Recently, CNN models have been widely adopted in speaker recognition and achieved fairly good performance [12]. However, how the models obtain such performance is hard to explain. A major obstacle is that the established visualization tools cannot be used directly. Basically, this is because humans cannot ‘see’ speech, which makes interpretation and quality judgement for saliency maps on speech signals quite difficult [13]. Recently, some researchers have recognized the difficulty, and provide some solutions [14, 13, 15]. Nearly all the research focused on visualizing phone classes.
So far very few research in literature reports visualization for speaker recognition. This is not surprising as speaker traits spread among nearly all frequency bands and temporal segments, making the question ‘where is important’ difficult to answer. In contrast, phone information is much more localized, at least in the temporal axis. Among the few exceptions, [16] employed Grad-CAM [17] to compare the behavior of ResNet and Res2Net under noisy corruption. They found that the saliency map produced by Grad-CAM is more stable with Res2Net compared with ResNet, thus explaining the advantage of Res2Net. In [18], the authors used Grad-CAM to analyze genuine speech and spoof speech, and found that CNN models look into high-frequency components to identify spoof speech. All the mentioned studies employed the visualization tools directly by assuming that they are correct. Unfortunately, so far we have no idea if any of the visualization tools are reliable when applied to speaker recognition, which makes the conclusions obtained from visualization not fully convincing.
In this paper, we focus on the popular CAM-based algorithms [6], and try to answer the question if these algorithms, or any of them, can be reliably applied to speaker recognition tasks. Three CAM algorithms will be investigated: Grad-CAM++ [9], Score-CAM [10] and Layer-CAM [11]. The main idea of these algorithms is to generate a saliency map by combing the activation maps (channels) of a convolutional layer.
Our investigation starts from a deletion and insertion experiment, as suggested in [19]. In the deletion process, the most relevant regions (MoRRs) in Mel spectrograms are gradually masked by setting the values to according to a saliency map. In the insertion process, the MoRRs are gradually unmasked (exposed), starting from a totally-masked Mel spectrogram. For each insertion and deletion config, we examine the accuracy of a speaker recognition model. This results in a deletion curve and an insertion curve, by which we can tell if a saliency map really identifies the salient regions, and compare quality of different saliency maps, hence different visualization algorithms.

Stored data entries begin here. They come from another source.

definition proper_tree :: "('a set \<Rightarrow> nat) \<Rightarrow> 'a set set \<Rightarrow> bool" where
  "proper_tree col ET \<longleftrightarrow>
     (\<forall>e\<in>ET. \<forall>f\<in>ET. e \<noteq> f \<and> e \<inter> f \<noteq> {} \<longrightarrow> col e \<noteq> col f)"

definition good_colouring ::
    "nat \<Rightarrow> nat \<Rightarrow> 'a set \<Rightarrow> 'a set set \<Rightarrow> nat \<Rightarrow> ('a set \<Rightarrow> nat) \<Rightarrow> bool" where
  "good_colouring k l V E c col \<longleftrightarrow> (\<forall>e\<in>E. col e < c) \<and>
     (\<forall>S. S \<subseteq> V \<and> card S = k \<longrightarrow>
        (\<exists>T :: nat \<Rightarrow> 'a set \<times> 'a set set.
           (\<forall>i<l. S_tree V E S (fst (T i)) (snd (T i)) \<and> proper_tree col (snd (T i))) \<and>
           (\<forall>i<l. \<forall>j<l. i \<noteq> j \<longrightarrow>
               snd (T i) \<inter> snd (T j) = {} \<and> fst (T i) \<inter> fst (T j) = S)))"

definition proper_index :: "nat \<Rightarrow> nat \<Rightarrow> 'a set \<Rightarrow> 'a set set \<Rightarrow> nat" where
  "proper_index k l V E = (LEAST c. \<exists>col. good_colouring k l V E c col)"

definition Kmn_V :: "nat \<Rightarrow> nat \<Rightarrow> (nat + nat) set" where
  "Kmn_V m n = Inl ` {0..<m} \<union> Inr ` {0..<n}"

definition Kmn_E :: "nat \<Rightarrow> nat \<Rightarrow> (nat + nat) set set" where
  "Kmn_E m n = {{Inl i, Inr j} | i j. i < m \<and> j < n}"

end

theory Submission
  imports Defs "HOL-Real_Asymp.Real_Asymp"
begin

(*
  One colour does not suffice: under a single colour a proper tree is a matching, and a
  connected matching has at most two vertices, while an S-tree has k >= 3.

  Two colours suffice once n is large. Give every left vertex i < m a code of
  d = n div 2L bits, complemented between the partners 2a and 2a+1, and cut the right side
  into 2d blocks of L vertices; an edge (i, j) with j in block u < d gets the u-th code bit
  of i, with j in block d + u its negation. Then every right vertex has L left neighbours
  in each colour, and since distinct codes differ in some bit, any two left vertices have
  L common right neighbours in each of the two mixed colour patterns. With these two
  properties any vertex can be joined to the head of a properly coloured path through at
  most three new vertices avoiding any set of fewer than L - 1 forbidden vertices. Hence,
  for every k-set S, one builds greedily l properly coloured paths through S that pairwise
  meet exactly in S and have no edge inside S; they are internally disjoint proper S-trees.
  Finally m = O(n^r) gives m <= 2^d for large n, which is all the construction needs.
*)

fun path_edges :: "'a list \<Rightarrow> 'a set set" where
  "path_edges (x # y # p) = insert {x, y} (path_edges (y # p))"
| "path_edges _ = {}"

fun proper_path :: "('a set \<Rightarrow> nat) \<Rightarrow> 'a set set \<Rightarrow> 'a list \<Rightarrow> bool" where
  "proper_path col E (x # y # z # p) \<longleftrightarrow>
     {x, y} \<in> E \<and> col {x, y} \<noteq> col {y, z} \<and> proper_path col E (y # z # p)"
| "proper_path col E [x, y] \<longleftrightarrow> {x, y} \<in> E"
| "proper_path col E _ \<longleftrightarrow> True"

lemma proper_path_Cons_Cons:
  "proper_path col E (x # y # p) \<longleftrightarrow>
     {x, y} \<in> E \<and> proper_path col E (y # p) \<and> (p \<noteq> [] \<longrightarrow> col {x, y} \<noteq> col {y, hd p})"
  by (cases p) auto

lemma path_edges_subset: "e \<in> path_edges p \<Longrightarrow> e \<subseteq> set p"
  by (induction p rule: path_edges.induct) auto

lemma card_path_edge: "distinct p \<Longrightarrow> e \<in> path_edges p \<Longrightarrow> card e = 2"
  by (induction p rule: path_edges.induct) auto

lemma proper_path_edges_subset: "proper_path col E p \<Longrightarrow> path_edges p \<subseteq> E"
  by (induction col E p rule: proper_path.induct) auto

lemma path_edges_Cons_append:
  "mid \<noteq> [] \<Longrightarrow> p \<noteq> [] \<Longrightarrow> path_edges (x # mid @ p) \<subseteq> path_edges p \<union> {e. e \<inter> set mid \<noteq> {}}"
proof (induction mid arbitrary: x)
  case (Cons y mid)
  then show ?case by (cases mid; cases p) auto
qed simp

lemma path_edges_reach_hd: "v \<in> set p \<Longrightarrow> (\<lambda>x y. {x, y} \<in> path_edges p)\<^sup>*\<^sup>* (hd p) v"
proof (induction p rule: path_edges.induct)
  case (1 x y p)
  then show ?case
    by (auto intro: converse_rtranclp_into_rtranclp mono_rtranclp[rule_format, rotated])
qed auto

lemma path_edges_connected: "p \<noteq> [] \<Longrightarrow> connected_graph (set p) (path_edges p)"
proof -
  let ?adj = "\<lambda>x y. {x, y} \<in> path_edges p"
  assume "p \<noteq> []"
  have "symp ?adj\<^sup>*\<^sup>*"
    by (rule symp_rtranclp) (auto simp: symp_def insert_commute)
  show ?thesis unfolding connected_graph_def
  proof (intro conjI ballI)
    show "set p \<noteq> {}" using \<open>p \<noteq> []\<close> by simp
    fix u v assume "u \<in> set p" "v \<in> set p"
    have "?adj\<^sup>*\<^sup>* u (hd p)"
      by (rule sympD[OF \<open>symp ?adj\<^sup>*\<^sup>*\<close> path_edges_reach_hd[OF \<open>u \<in> set p\<close>]])
    then show "?adj\<^sup>*\<^sup>* u v" using path_edges_reach_hd[OF \<open>v \<in> set p\<close>] by (rule rtranclp_trans)
  qed
qed

text \<open>A cycle has this property on its vertex set, a path on no nonempty set.\<close>
definition min_degree_two :: "'a set set \<Rightarrow> 'a set \<Rightarrow> bool" where
  "min_degree_two E C \<longleftrightarrow> (\<forall>v\<in>C. \<exists>u w. u \<noteq> w \<and> u \<in> C \<and> w \<in> C \<and> {v, u} \<in> E \<and> {v, w} \<in> E)"

lemma cycle_edge_mod:
  assumes "length vs \<ge> 3" "\<forall>i < length vs - 1. {vs ! i, vs ! (i + 1)} \<in> E" "{last vs, hd vs} \<in> E"
    and "i < length vs"
  shows "{vs ! i, vs ! ((i + 1) mod length vs)} \<in> E"
proof (cases "i = length vs - 1")
  case True
  then have "i + 1 = length vs" using assms(1) by simp
  then have "(i + 1) mod length vs = 0" by simp
  moreover have "vs \<noteq> []" using assms(1) by auto
  ultimately show ?thesis using True assms(3) by (simp add: last_conv_nth hd_conv_nth)
next
  case False
  then show ?thesis using assms(2,4) by simp
qed

lemma has_cycle_min_degree_two:
  assumes "has_cycle E"
  obtains C where "C \<noteq> {}" "min_degree_two E C"
proof -
  obtain vs where vs: "length vs \<ge> 3" "distinct vs" "\<forall>i < length vs - 1. {vs ! i, vs ! (i + 1)} \<in> E"
    "{last vs, hd vs} \<in> E"
    using assms unfolding has_cycle_def by blast
  define n where "n = length vs"
  note succ = cycle_edge_mod[OF vs(1,3,4), folded n_def]
  have "\<exists>u w. u \<noteq> w \<and> u \<in> set vs \<and> w \<in> set vs \<and> {v, u} \<in> E \<and> {v, w} \<in> E"
    if v: "v \<in> set vs" for v
  proof -
    obtain i where i: "i < n" "v = vs ! i" using v by (auto simp: n_def in_set_conv_nth)
    define h where "h = (i + n - 1) mod n"
    have n0: "0 < n" using vs(1) n_def by linarith
    have h: "h < n" "(h + 1) mod n = i"
    proof -
      show "h < n" using n0 by (simp add: h_def)
      have "(h + 1) mod n = (i + n - 1 + 1) mod n" by (simp add: h_def mod_Suc_eq)
      also have "\<dots> = i" using n0 i(1) by simp
      finally show "(h + 1) mod n = i" .
    qed
    have "(i + 1) mod n \<noteq> h"
    proof
      assume "(i + 1) mod n = h"
      have "(i + 2) mod n = ((i + 1) mod n + 1) mod n" by (simp add: mod_Suc_eq)
      also have "\<dots> = i mod n" using \<open>(i + 1) mod n = h\<close> h(2) i(1) by simp
      finally have "n dvd 2" by (simp add: mod_eq_dvd_iff_nat)
      then show False using vs(1) n_def by (auto dest: dvd_imp_le)
    qed
    then have "vs ! ((i + 1) mod n) \<noteq> vs ! h"
      using vs(2) h(1) n0 by (simp add: n_def nth_eq_iff_index_eq)
    moreover have "{v, vs ! h} \<in> E" using succ[OF h(1)] h(2) i(2) by (simp add: insert_commute)
    moreover have "vs ! ((i + 1) mod n) \<in> set vs" "vs ! h \<in> set vs"
      using h(1) n0 by (simp_all add: n_def)
    ultimately show ?thesis using succ[OF i(1)] i(2) by blast
  qed
  then show ?thesis using vs(1) by (intro that[of "set vs"]) (auto simp: min_degree_two_def)
qed

lemma min_degree_two_path_edges:
  assumes "distinct p" "min_degree_two (path_edges p) C"
  shows "C = {}"
  using assms
proof (induction p arbitrary: C rule: path_edges.induct)
  case (1 x y p)
  have "x \<notin> e" if "e \<in> path_edges (y # p)" for e
    using path_edges_subset[OF that] "1.prems"(1) by auto
  then have nbr: "{x, u} \<in> path_edges (x # y # p) \<longleftrightarrow> u = y" for u
    by (auto simp: doubleton_eq_iff)
  have "x \<notin> C"
  proof
    assume "x \<in> C"
    then obtain u w where "u \<noteq> w" "{x, u} \<in> path_edges (x # y # p)" "{x, w} \<in> path_edges (x # y # p)"
      using "1.prems"(2) unfolding min_degree_two_def by blast
    then show False using nbr by simp
  qed
  have "min_degree_two (path_edges (y # p)) C"
    unfolding min_degree_two_def
  proof
    fix v assume "v \<in> C"
    then obtain u w where uw: "u \<noteq> w" "u \<in> C" "w \<in> C"
      "{v, u} \<in> path_edges (x # y # p)" "{v, w} \<in> path_edges (x # y # p)"
      using "1.prems"(2) unfolding min_degree_two_def by blast
    have "x \<notin> {v, u}" "x \<notin> {v, w}" using \<open>x \<notin> C\<close> \<open>v \<in> C\<close> uw(2,3) by auto
    then have "{v, u} \<in> path_edges (y # p)" "{v, w} \<in> path_edges (y # p)" using uw(4,5) by auto
    then show "\<exists>u w. u \<noteq> w \<and> u \<in> C \<and> w \<in> C \<and> {v, u} \<in> path_edges (y # p) \<and> {v, w} \<in> path_edges (y # p)"
      using uw(1-3) by blast
  qed
  then show ?case using "1.IH" "1.prems"(1) by simp
qed (simp_all add: min_degree_two_def)

lemma not_has_cycle_path_edges: "distinct p \<Longrightarrow> \<not> has_cycle (path_edges p)"
proof
  assume "distinct p" and cycle: "has_cycle (path_edges p)"
  obtain C where "C \<noteq> {}" "min_degree_two (path_edges p) C"
    using cycle by (rule has_cycle_min_degree_two)
  then show False using min_degree_two_path_edges[OF \<open>distinct p\<close>] by blast
qed

lemma is_tree_path: "distinct p \<Longrightarrow> p \<noteq> [] \<Longrightarrow> is_tree (set p) (path_edges p)"
  unfolding is_tree_def simple_graph_def
  by (simp add: path_edges_connected not_has_cycle_path_edges card_path_edge path_edges_subset)

lemma proper_tree_insert:
  "proper_tree col (insert e ET) \<longleftrightarrow>
     proper_tree col ET \<and> (\<forall>f\<in>ET. f \<noteq> e \<and> f \<inter> e \<noteq> {} \<longrightarrow> col f \<noteq> col e)"
  (is "?lhs \<longleftrightarrow> ?rhs")
proof
  show "?lhs \<Longrightarrow> ?rhs" unfolding proper_tree_def by blast
next
  assume ?rhs
  then have "col f \<noteq> col g" if "f \<in> insert e ET" "g \<in> insert e ET" "f \<noteq> g" "f \<inter> g \<noteq> {}" for f g
    using that by (cases "f = e"; cases "g = e") (auto simp: proper_tree_def Int_commute)
  then show ?lhs unfolding proper_tree_def by blast
qed

lemma proper_tree_path_edges:
  "distinct p \<Longrightarrow> proper_path col E p \<Longrightarrow> proper_tree col (path_edges p)"
proof (induction col E p rule: proper_path.induct)
  case (1 col E x y z p)
  have meets: "f = {y, z}" if "f \<in> path_edges (y # z # p)" "f \<inter> {x, y} \<noteq> {}" for f
  proof -
    have "x \<notin> f" using path_edges_subset[OF that(1)] "1.prems"(1) by auto
    moreover have "y \<notin> e" if "e \<in> path_edges (z # p)" for e
      using path_edges_subset[OF that] "1.prems"(1) by auto
    ultimately show ?thesis using that by auto
  qed
  have "col f \<noteq> col {x, y}" if "f \<in> path_edges (y # z # p)" "f \<inter> {x, y} \<noteq> {}" for f
    using meets[OF that] "1.prems"(2) by simp
  moreover have "proper_tree col (path_edges (y # z # p))" using "1" by simp
  ultimately show ?case by (simp add: proper_tree_insert)
qed (simp_all add: proper_tree_def)

lemma Inl_Inr_in_Kmn_E [simp]: "{Inl i, Inr j} \<in> Kmn_E M n \<longleftrightarrow> i < M \<and> j < n"
  by (auto simp: Kmn_E_def doubleton_eq_iff)

lemma Inr_Inl_in_Kmn_E [simp]: "{Inr j, Inl i} \<in> Kmn_E M n \<longleftrightarrow> i < M \<and> j < n"
  by (simp add: insert_commute)

lemma Inl_in_Kmn_V [simp]: "Inl i \<in> Kmn_V M n \<longleftrightarrow> i < M"
  and Inr_in_Kmn_V [simp]: "Inr j \<in> Kmn_V M n \<longleftrightarrow> j < n"
  by (auto simp: Kmn_V_def)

We conducted experiments with a ResNet34SE x-vector model. The results show that all the three CAM algorithms outperform random masking and time-aligned masking, demonstrating that they are effective. Among the three CAMs, Layer-CAM shows superiority in the deletion/insertion test, and produces more localized patterns. However, no clear temporal-frequency (T-F) patterns are detected.
Further more, we conducted the deletion/insertion experiment on multi-speaker speech. This time, Layer-CAM demonstrates surprisingly good performance in distinguishing target speakers and interfering speakers, and the other two CAMs largely fail. This clearly shows that only Layer-CAM is a valid visualization tool for speaker recognition.
2 Related work
Understanding the behavior of deep speaker recognition systems by visualization is a common practice. A popular approach is to visualize the distributions of frame-level or utterance-level representations [20, 21, 22, 23, 24, 25], via manifold learning algorithms [26] such as PCA and t-SNE [27]. Some researchers conduct visualization based on scores of trials. For instance, [28] visualizes the relation of different systems by multidimensional scaling (MDS), where the distance between a pair of systems is derived from the scores produced by each of them. Recently, the authors proposed a novel config-performance (C-P) map tool that visualizes the performance of an ASV system in a 2-dimensional map [29]. All these visualization methods can (partly) show the behavior of a system, but provide little understanding for the behavior. CAM, or other saliency-map algorithms, is supposed to offer better explanations for a CNN model, hence better understanding.
The saliency-map algorithms can be categorized into three classes: gradient-based approach [4, 7, 8, 30, 31], perturbation-based approach [8, 19, 32, 33] and CAM-based approach [6, 9, 10, 11, 17]. The gradient-based approach is subject to low quality and noisy interference [34], and the perturbation-based approach usually needs additional regularizations [32] and is time-costing. In comparison, the CAM-based approach often creates more clear and localized saliency maps, thus being adopted widely by the computer vision community.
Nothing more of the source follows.